▸ **About this exercise**
Please return all lines from the records below that include the string "also".

▼▼▼

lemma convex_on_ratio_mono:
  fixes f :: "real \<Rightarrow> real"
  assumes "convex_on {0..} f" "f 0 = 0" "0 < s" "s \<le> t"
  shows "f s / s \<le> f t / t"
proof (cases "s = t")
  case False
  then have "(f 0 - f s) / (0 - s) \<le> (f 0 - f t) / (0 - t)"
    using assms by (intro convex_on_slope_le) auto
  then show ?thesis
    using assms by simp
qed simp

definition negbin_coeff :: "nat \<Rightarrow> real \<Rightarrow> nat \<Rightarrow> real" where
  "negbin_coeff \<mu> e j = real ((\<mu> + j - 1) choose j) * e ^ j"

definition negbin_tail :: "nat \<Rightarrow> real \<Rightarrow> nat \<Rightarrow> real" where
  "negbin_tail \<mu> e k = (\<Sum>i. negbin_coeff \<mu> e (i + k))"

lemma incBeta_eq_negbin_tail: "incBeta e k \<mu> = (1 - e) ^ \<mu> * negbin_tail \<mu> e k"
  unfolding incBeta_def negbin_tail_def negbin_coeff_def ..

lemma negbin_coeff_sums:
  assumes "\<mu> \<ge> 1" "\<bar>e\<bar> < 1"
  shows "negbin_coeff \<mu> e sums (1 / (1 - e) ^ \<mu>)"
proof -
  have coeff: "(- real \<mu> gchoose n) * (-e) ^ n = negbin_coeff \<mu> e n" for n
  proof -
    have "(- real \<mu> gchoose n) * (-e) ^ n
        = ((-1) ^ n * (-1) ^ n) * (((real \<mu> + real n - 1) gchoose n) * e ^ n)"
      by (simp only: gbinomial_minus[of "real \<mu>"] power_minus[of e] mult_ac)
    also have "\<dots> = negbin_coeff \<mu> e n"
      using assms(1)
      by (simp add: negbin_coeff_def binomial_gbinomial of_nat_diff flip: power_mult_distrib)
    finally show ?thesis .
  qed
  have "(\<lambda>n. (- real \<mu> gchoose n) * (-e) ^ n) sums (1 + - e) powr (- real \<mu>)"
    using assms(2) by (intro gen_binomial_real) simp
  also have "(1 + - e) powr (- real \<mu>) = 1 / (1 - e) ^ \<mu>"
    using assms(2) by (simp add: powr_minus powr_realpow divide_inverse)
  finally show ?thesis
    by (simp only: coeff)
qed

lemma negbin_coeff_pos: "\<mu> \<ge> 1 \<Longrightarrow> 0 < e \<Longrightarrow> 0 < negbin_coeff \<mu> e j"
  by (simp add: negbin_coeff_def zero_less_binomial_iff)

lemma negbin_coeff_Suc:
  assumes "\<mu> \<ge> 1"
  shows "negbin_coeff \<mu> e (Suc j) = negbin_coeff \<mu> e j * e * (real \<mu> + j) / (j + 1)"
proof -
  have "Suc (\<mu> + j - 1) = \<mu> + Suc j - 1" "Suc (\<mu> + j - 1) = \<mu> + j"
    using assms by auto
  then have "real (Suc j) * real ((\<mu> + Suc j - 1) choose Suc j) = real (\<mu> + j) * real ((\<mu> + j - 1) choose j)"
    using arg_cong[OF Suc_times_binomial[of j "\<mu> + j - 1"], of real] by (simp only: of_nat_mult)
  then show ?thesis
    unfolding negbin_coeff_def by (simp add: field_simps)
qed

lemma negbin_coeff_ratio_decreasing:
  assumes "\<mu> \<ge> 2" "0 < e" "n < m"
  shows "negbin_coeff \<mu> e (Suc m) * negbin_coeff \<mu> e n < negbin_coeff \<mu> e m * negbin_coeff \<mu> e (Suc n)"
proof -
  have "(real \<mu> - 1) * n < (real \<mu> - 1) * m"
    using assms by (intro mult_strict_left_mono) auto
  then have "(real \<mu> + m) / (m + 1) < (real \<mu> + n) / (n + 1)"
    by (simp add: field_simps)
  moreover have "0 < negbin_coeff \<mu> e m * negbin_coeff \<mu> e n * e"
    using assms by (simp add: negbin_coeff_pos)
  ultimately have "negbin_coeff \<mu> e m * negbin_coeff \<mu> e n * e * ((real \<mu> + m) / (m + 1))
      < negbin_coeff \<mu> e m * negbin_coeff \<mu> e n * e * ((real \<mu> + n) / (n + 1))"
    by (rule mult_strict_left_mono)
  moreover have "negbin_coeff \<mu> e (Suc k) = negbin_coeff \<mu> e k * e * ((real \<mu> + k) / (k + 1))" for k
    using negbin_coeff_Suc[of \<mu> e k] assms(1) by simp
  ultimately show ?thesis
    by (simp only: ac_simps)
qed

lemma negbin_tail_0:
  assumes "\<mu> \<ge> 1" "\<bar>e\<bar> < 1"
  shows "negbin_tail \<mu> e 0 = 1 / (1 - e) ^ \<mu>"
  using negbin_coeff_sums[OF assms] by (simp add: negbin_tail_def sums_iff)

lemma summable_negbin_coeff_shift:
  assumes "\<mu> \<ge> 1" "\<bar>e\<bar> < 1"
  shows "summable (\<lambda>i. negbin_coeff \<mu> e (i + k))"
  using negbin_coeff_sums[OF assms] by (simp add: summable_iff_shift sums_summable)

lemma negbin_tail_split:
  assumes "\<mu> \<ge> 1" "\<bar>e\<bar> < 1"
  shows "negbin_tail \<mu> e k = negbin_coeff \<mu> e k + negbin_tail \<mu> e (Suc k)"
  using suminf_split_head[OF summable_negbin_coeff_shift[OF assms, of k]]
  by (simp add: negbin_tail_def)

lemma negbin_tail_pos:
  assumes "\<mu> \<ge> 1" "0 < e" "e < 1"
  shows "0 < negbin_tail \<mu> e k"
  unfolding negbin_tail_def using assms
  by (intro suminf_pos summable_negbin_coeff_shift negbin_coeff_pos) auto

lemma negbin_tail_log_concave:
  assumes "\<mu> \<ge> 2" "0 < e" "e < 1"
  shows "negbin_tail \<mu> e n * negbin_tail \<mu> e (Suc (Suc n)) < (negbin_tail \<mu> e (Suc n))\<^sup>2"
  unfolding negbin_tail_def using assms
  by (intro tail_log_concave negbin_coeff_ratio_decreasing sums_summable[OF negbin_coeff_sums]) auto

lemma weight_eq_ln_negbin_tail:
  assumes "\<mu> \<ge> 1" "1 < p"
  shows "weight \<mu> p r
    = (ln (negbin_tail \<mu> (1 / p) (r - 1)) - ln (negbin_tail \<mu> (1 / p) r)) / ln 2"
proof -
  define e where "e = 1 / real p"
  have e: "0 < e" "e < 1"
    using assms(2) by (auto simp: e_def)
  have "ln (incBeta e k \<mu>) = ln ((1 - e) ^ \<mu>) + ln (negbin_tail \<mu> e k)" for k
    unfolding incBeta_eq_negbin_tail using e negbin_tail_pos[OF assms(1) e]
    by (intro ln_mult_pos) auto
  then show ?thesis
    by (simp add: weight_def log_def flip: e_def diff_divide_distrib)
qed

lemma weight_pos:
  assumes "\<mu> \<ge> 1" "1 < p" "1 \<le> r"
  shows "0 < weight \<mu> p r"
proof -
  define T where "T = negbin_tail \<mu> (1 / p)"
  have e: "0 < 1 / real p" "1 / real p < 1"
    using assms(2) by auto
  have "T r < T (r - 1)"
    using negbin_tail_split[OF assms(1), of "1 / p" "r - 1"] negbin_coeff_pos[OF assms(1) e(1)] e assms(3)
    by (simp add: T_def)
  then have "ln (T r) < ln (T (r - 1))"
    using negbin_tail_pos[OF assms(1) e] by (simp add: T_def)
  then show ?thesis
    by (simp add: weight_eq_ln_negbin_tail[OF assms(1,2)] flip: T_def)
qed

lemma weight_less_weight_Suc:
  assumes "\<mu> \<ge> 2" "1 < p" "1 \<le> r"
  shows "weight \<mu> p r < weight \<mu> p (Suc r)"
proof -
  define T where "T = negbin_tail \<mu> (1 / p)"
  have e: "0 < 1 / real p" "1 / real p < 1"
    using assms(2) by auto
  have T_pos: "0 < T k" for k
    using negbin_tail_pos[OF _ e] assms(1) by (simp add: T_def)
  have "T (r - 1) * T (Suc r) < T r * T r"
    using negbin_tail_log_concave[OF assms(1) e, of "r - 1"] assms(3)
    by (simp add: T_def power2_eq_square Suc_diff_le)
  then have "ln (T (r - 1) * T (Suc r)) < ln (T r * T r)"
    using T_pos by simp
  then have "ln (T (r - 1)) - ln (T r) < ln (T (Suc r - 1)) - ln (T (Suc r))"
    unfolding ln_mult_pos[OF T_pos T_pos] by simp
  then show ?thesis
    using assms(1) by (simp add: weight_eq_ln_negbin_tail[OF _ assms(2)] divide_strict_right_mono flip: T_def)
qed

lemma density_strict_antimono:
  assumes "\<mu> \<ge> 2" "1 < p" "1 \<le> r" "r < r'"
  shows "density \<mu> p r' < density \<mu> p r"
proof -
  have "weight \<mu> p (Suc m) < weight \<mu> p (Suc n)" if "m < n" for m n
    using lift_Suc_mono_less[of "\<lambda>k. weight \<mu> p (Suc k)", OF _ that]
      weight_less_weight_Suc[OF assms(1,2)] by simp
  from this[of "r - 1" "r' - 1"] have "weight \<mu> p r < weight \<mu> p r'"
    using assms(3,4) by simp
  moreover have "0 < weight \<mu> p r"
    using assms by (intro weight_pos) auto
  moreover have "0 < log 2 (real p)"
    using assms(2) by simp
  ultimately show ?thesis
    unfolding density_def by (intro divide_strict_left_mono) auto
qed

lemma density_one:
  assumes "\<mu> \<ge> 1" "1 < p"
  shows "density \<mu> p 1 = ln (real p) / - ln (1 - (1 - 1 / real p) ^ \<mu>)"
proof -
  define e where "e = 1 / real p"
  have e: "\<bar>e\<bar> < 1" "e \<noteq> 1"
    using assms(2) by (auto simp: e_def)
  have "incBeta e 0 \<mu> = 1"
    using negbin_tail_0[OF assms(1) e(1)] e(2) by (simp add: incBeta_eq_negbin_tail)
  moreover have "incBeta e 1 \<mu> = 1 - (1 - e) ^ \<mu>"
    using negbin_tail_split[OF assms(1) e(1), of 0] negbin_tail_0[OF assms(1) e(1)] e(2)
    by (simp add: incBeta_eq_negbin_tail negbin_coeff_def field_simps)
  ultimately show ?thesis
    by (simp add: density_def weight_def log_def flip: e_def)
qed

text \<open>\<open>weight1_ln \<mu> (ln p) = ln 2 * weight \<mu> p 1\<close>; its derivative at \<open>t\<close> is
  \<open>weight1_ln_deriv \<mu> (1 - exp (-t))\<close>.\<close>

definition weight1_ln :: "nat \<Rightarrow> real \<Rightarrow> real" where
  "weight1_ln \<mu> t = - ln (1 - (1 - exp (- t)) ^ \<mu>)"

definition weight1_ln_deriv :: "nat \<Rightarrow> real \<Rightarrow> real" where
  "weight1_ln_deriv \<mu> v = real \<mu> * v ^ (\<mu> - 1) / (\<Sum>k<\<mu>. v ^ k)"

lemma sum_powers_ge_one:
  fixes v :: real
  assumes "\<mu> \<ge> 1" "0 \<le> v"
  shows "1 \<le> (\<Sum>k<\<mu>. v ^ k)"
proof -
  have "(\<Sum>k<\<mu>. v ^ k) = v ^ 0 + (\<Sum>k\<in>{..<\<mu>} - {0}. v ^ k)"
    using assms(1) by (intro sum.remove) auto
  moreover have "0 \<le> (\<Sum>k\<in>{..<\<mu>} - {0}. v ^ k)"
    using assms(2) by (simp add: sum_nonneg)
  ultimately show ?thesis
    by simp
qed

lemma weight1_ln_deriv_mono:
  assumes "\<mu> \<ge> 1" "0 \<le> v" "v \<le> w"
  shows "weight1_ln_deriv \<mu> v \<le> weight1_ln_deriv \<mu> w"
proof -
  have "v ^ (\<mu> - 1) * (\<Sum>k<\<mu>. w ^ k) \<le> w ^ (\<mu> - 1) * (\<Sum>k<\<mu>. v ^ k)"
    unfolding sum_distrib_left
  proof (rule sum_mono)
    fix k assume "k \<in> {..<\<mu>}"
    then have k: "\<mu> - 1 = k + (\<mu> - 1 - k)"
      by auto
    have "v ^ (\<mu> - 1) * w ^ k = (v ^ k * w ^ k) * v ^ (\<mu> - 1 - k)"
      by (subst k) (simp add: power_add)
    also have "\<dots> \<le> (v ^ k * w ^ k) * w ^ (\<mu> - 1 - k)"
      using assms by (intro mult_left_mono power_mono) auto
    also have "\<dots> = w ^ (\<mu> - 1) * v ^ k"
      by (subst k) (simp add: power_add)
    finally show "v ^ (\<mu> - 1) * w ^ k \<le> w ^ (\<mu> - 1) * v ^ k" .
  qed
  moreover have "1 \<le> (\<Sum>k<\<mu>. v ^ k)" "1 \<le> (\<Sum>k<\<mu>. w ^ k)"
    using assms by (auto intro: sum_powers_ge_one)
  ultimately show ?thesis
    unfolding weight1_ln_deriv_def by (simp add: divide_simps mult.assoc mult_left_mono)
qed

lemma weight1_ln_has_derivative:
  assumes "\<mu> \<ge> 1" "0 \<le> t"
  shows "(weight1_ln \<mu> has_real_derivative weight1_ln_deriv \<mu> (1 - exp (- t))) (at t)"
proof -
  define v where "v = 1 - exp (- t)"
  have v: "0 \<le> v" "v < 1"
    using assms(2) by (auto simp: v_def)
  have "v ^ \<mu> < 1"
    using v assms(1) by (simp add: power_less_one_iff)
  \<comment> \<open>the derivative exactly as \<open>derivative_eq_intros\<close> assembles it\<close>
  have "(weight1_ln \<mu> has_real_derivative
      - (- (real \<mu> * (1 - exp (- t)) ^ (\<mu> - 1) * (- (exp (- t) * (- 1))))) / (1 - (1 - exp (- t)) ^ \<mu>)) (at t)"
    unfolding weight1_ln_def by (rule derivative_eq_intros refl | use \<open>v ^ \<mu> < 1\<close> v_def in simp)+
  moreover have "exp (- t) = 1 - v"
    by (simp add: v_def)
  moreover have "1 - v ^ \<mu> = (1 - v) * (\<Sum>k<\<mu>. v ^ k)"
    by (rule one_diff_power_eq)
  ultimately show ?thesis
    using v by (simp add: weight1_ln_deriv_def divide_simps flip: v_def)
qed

▲▲▲

▸ **Answer to this problem**
    also have "\<dots> = negbin_coeff \<mu> e n"
  also have "(1 + - e) powr (- real \<mu>) = 1 / (1 - e) ^ \<mu>"
    also have "\<dots> \<le> (v ^ k * w ^ k) * w ^ (\<mu> - 1 - k)"
    also have "\<dots> = w ^ (\<mu> - 1) * v ^ k"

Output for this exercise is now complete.